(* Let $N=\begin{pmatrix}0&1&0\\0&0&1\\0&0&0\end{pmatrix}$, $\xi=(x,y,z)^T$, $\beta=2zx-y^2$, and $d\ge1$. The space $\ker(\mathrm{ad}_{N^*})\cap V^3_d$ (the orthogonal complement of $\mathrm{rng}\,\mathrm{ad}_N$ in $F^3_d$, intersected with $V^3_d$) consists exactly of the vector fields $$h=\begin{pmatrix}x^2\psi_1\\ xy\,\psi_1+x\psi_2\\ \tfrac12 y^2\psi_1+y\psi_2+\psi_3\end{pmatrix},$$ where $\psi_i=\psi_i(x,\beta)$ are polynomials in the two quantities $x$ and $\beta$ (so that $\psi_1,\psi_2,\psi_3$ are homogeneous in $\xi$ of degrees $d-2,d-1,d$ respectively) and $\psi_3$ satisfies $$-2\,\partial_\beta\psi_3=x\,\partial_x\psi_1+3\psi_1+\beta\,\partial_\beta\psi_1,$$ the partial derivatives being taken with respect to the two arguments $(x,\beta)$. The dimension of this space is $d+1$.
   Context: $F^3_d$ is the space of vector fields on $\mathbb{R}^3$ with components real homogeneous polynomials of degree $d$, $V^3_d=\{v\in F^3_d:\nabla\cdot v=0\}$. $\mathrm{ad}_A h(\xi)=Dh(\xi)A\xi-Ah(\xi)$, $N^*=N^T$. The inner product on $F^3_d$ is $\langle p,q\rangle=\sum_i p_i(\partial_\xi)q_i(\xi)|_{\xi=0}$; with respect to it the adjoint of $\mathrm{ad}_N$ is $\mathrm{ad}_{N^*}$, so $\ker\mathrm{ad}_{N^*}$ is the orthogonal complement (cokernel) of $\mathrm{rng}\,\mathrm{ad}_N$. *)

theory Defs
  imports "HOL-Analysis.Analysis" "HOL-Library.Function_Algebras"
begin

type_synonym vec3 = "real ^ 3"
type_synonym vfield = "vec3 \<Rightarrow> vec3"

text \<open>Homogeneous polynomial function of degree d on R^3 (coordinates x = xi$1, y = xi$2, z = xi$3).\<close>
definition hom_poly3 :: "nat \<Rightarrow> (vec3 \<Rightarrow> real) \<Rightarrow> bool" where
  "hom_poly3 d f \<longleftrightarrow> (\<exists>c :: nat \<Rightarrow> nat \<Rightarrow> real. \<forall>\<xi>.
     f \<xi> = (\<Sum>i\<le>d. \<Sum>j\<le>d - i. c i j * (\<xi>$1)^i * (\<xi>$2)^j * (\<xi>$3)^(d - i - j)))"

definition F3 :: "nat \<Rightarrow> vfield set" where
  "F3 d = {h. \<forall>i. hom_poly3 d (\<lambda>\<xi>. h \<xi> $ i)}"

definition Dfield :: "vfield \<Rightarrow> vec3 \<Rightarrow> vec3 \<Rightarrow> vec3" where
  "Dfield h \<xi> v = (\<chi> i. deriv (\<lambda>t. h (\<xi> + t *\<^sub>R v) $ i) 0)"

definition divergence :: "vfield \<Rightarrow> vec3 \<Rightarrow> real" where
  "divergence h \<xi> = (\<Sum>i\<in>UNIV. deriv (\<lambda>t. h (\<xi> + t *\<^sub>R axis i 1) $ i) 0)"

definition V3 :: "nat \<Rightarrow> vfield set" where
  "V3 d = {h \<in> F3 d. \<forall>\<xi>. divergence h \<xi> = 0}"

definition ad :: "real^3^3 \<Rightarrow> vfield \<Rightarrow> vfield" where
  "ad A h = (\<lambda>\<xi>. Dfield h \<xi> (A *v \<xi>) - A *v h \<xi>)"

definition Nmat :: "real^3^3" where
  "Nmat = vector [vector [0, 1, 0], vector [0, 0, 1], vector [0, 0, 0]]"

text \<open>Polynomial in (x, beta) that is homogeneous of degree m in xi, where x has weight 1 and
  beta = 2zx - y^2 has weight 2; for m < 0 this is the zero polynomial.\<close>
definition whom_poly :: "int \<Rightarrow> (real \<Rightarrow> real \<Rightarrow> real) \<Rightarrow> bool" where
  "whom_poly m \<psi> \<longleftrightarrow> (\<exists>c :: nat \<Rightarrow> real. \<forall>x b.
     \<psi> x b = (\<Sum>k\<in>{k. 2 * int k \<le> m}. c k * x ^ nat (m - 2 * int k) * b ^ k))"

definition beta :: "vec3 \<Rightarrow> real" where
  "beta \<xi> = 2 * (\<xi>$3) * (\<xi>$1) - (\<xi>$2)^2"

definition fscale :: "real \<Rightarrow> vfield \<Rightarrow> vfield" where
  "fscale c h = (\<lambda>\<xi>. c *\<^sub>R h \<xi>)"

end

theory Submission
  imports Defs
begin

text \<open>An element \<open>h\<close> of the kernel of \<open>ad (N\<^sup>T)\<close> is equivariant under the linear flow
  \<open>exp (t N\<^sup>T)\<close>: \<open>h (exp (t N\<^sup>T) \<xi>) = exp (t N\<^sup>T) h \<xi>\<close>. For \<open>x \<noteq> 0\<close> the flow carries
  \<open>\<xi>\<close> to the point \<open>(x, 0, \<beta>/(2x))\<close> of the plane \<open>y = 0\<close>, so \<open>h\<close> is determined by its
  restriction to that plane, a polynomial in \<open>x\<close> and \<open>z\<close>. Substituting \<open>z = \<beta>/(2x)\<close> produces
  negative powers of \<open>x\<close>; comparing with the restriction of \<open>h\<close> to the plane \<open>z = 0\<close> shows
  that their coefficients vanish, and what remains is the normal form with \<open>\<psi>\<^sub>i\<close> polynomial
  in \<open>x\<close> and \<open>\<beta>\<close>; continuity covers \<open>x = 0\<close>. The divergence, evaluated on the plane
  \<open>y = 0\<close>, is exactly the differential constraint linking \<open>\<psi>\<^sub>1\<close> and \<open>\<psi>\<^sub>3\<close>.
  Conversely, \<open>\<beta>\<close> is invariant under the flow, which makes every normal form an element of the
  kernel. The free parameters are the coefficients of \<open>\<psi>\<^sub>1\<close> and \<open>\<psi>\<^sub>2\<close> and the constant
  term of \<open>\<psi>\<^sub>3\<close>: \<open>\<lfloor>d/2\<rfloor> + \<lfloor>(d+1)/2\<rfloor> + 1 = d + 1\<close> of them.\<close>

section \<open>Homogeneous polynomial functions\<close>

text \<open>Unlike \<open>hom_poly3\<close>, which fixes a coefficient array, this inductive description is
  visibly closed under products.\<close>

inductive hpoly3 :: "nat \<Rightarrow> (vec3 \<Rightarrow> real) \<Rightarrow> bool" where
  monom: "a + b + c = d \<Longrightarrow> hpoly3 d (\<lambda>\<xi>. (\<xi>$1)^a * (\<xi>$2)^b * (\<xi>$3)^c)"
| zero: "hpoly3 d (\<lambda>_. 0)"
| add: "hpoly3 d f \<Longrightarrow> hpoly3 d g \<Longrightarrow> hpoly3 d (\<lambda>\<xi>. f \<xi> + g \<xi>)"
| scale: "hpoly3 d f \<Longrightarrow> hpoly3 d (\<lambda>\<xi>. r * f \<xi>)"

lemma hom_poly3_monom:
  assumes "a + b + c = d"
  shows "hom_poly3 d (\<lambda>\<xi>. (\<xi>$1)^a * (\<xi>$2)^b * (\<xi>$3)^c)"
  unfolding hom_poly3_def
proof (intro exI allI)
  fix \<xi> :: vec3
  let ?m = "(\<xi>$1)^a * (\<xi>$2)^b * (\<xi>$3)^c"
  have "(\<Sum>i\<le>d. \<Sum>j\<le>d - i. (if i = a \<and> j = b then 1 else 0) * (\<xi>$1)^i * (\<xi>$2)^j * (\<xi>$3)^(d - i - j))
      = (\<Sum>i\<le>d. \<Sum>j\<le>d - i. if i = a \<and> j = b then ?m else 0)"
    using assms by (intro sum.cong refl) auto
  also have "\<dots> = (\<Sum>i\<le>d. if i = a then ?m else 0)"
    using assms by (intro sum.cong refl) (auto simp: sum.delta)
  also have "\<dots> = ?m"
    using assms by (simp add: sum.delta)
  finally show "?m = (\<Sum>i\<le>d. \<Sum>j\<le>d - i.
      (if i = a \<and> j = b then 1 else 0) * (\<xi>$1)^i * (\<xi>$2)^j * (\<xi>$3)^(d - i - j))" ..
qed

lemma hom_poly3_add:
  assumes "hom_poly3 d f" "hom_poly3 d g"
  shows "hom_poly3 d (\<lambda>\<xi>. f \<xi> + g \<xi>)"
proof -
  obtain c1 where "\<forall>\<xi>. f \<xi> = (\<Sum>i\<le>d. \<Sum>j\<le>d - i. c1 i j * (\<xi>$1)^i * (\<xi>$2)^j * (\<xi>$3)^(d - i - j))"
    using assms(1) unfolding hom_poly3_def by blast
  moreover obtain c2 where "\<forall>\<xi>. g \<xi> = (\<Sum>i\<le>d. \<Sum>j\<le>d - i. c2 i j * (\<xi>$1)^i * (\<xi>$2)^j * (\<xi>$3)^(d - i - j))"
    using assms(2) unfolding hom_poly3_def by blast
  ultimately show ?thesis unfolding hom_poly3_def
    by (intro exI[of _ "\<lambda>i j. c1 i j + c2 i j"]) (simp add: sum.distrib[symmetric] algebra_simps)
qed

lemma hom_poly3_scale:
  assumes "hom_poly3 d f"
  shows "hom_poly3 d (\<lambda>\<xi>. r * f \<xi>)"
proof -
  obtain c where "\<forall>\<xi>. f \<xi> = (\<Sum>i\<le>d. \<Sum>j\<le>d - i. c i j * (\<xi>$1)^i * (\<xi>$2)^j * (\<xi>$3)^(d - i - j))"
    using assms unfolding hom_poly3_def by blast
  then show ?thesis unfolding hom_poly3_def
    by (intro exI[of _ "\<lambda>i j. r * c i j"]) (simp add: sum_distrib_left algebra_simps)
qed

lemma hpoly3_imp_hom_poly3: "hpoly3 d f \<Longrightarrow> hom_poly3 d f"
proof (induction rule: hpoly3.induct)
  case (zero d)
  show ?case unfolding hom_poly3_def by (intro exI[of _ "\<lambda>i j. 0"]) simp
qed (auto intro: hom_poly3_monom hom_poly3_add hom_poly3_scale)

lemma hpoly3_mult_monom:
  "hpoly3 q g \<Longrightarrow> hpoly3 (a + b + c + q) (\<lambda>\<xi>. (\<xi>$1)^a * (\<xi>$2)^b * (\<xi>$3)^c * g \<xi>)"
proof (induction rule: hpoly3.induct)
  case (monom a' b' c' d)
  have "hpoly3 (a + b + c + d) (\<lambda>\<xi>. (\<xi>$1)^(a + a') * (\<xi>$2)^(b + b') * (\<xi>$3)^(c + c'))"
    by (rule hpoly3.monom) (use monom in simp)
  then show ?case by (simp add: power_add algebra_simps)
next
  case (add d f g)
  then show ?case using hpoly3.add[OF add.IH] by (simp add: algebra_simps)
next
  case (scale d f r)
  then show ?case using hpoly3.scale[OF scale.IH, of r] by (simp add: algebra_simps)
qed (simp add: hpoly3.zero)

*****

For the word "element", please count the lines in the data where it appears and respond with the number only.

#### [Written solution]
2